MATERIAL FOR THIS EXERCISE
(* Let $G=\{1,\rho\}\le S_n$ be a 2-element subgroup whose non-identity element $\rho$ is a product of pairwise disjoint transpositions. Then $B_n/G$ is a symmetric chain order.
   Context: A finite poset $P$ is ranked if it has a minimum element and all saturated chains from the minimum to any $x$ have the same length $r(x)$; $r(P)=\max_x r(x)$. A chain $x_1<\dots<x_k$ is symmetric if it is saturated and $r(x_1)+r(x_k)=r(P)$; a symmetric chain order (SCO) is a ranked poset that can be partitioned into symmetric chains. $B_n$ is the Boolean lattice of subsets of $[n]$; $S_n$ acts by $\sigma(A)=\sigma[A]$, and for $G\le S_n$, $B_n/G$ is the poset of $G$-orbits $[A]$ with $[A]\le[B]$ iff $X\subseteq Y$ for some $X\in[A]$, $Y\in[B]$. *)

theory Defs
  imports Main "HOL-Combinatorics.Permutations"
begin

definition poset_on :: "'a set \<Rightarrow> ('a \<Rightarrow> 'a \<Rightarrow> bool) \<Rightarrow> bool" where
  "poset_on P le \<longleftrightarrow>
     (\<forall>x\<in>P. le x x) \<and>
     (\<forall>x\<in>P. \<forall>y\<in>P. le x y \<and> le y x \<longrightarrow> x = y) \<and>
     (\<forall>x\<in>P. \<forall>y\<in>P. \<forall>z\<in>P. le x y \<and> le y z \<longrightarrow> le x z)"

definition covers :: "'a set \<Rightarrow> ('a \<Rightarrow> 'a \<Rightarrow> bool) \<Rightarrow> 'a \<Rightarrow> 'a \<Rightarrow> bool" where
  "covers P le x y \<longleftrightarrow> x \<in> P \<and> y \<in> P \<and> le x y \<and> x \<noteq> y \<and>
     \<not> (\<exists>z\<in>P. le x z \<and> x \<noteq> z \<and> le z y \<and> z \<noteq> y)"

definition saturated_chain :: "'a set \<Rightarrow> ('a \<Rightarrow> 'a \<Rightarrow> bool) \<Rightarrow> 'a list \<Rightarrow> bool" where
  "saturated_chain P le xs \<longleftrightarrow> xs \<noteq> [] \<and> set xs \<subseteq> P \<and>
     (\<forall>i. Suc i < length xs \<longrightarrow> covers P le (xs ! i) (xs ! Suc i))"

definition is_minimum :: "'a set \<Rightarrow> ('a \<Rightarrow> 'a \<Rightarrow> bool) \<Rightarrow> 'a \<Rightarrow> bool" where
  "is_minimum P le m \<longleftrightarrow> m \<in> P \<and> (\<forall>x\<in>P. le m x)"
theorem lemma6:
  fixes f :: "real^'n \<Rightarrow> real" and gradf :: "real^'n \<Rightarrow> real^'n"
    and hessf :: "real^'n \<Rightarrow> real^'n^'n"
    and lam eg eh beta etabar eta theta LH :: real
    and x0 :: "real^'n" and x :: "nat \<Rightarrow> real^'n" and t :: "nat \<Rightarrow> real" and k :: nat
  assumes lam: "lam > 0"
    and grad: "\<And>y. (f has_derivative (\<lambda>h. gradf y \<bullet> h)) (at y)"
    and hess: "\<And>y. (gradf has_derivative (\<lambda>h. hessf y *v h)) (at y)"
    and hess_cont: "continuous_on UNIV hessf"
    and bdd: "bounded {y. phi f lam y \<le> phi f lam x0}"
    and lipH: "\<exists>U. open U \<and> {y. phi f lam y \<le> phi f lam x0} \<subseteq> U \<and>
                 (\<exists>L. \<forall>y\<in>U. \<forall>z\<in>U. norm (hessf y - hessf z) \<le> L * norm (y - z))"
    and LH: "LH > 0"
    and cubic: "\<forall>y\<in>{y. phi f lam y \<le> phi f lam x0}. \<forall>z\<in>{y. phi f lam y \<le> phi f lam x0}.
                  f z \<le> f y + gradf y \<bullet> (z - y) + (1/2) * ((z - y) \<bullet> (hessf y *v (z - y)))
                        + LH / 6 * norm (z - y) ^ 3"
    and eg: "0 < eg" "eg < 1" and eh: "0 < eh" "eh < 1"
    and beta: "beta > 1" and etabar: "0 < etabar" "etabar \<le> 1"
    and eta: "0 < eta" "eta < 1/2" and theta: "0 < theta" "theta < 1"
    and init: "x 0 = x0" "t 0 = 1"
    and run: "\<forall>i<k. pg_step f gradf lam eg beta etabar (x i) (t i) (x (Suc i)) (t (Suc i))
                   \<or> nc_step f gradf hessf lam eg eh eta theta (x i) (t i) (x (Suc i)) (t (Suc i))"
    and ncstep: "nc_step f gradf hessf lam eg eh eta theta (x k) (t k) (x (Suc k)) (t (Suc k))"
  shows "phi f lam (x k) - phi f lam (x (Suc k))
           > 1/8 * (eta * theta\<^sup>2 * min 1 (9 * (1 - 2 * eta)\<^sup>2 / LH\<^sup>2)) * min (eg * eh) (eh ^ 3)"
proof -
  \<comment> \<open>\<open>bdd\<close> and \<open>lipH\<close> only serve to justify \<open>cubic\<close>, which is assumed directly.\<close>
  obtain u lh j where supp: "\<forall>i. x k $ i = 0 \<longrightarrow> u $ i = 0" and norm_u: "norm u = 1"
    and lh: "u \<bullet> ((Smat eg (x k) ** hessf (x k) ** Smat eg (x k)) *v u) = lh" "lh \<le> - eh / 2"
    and ok: "nc_ok f lam eta theta (x k) (nc_dir gradf lam eg (x k) u lh) (Smat eg (x k)) j"
    and first: "\<forall>i<j. \<not> nc_ok f lam eta theta (x k) (nc_dir gradf lam eg (x k) u lh) (Smat eg (x k)) i"
    and x_next: "x (Suc k) = x k + theta ^ j *\<^sub>R (Smat eg (x k) *v nc_dir gradf lam eg (x k) u lh)"
    using ncstep unfolding nc_step_def by blast
  have level: "phi f lam (x k) \<le> phi f lam x0"
    using iterates_phi_le_initial[OF init(1) run] etabar beta eta by simp
  have "lh < 0" "eh / 2 \<le> \<bar>lh\<bar>" using lh(2) eh by auto
  have "theta * min 1 (min (3 * (1 - 2 * eta) / LH) (sqrt eg / \<bar>lh\<bar>)) \<le> theta ^ j"
  proof (rule backtracking_step_lower_bound[OF _ _ theta])
    fix a assume "0 < a" "a < min 1 (min (3 * (1 - 2 * eta) / LH) (sqrt eg / \<bar>lh\<bar>))"
    then show "phi f lam (x k + a *\<^sub>R (Smat eg (x k) *v nc_dir gradf lam eg (x k) u lh))
        < phi f lam (x k) - eta * a\<^sup>2 * \<bar>lh\<bar> ^ 3"
      using nc_dir_descent[OF grad hess hess_cont LH cubic eg _ _ level supp norm_u lh(1)
          \<open>lh < 0\<close>] eta by simp
  qed (use first nc_ok_nc_dir_iff[OF norm_u] in auto)
  from armijo_decrease_lower_bound[OF eg(1) eh(1) LH eta theta(1) \<open>eh / 2 \<le> \<bar>lh\<bar>\<close> this]
  show ?thesis using ok nc_ok_nc_dir_iff[OF norm_u] x_next by simp
qed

AIM OF THE EXERCISE
Going through the material, count each line that carries the word "covers", and output only that count.

WRITTEN REPLY
3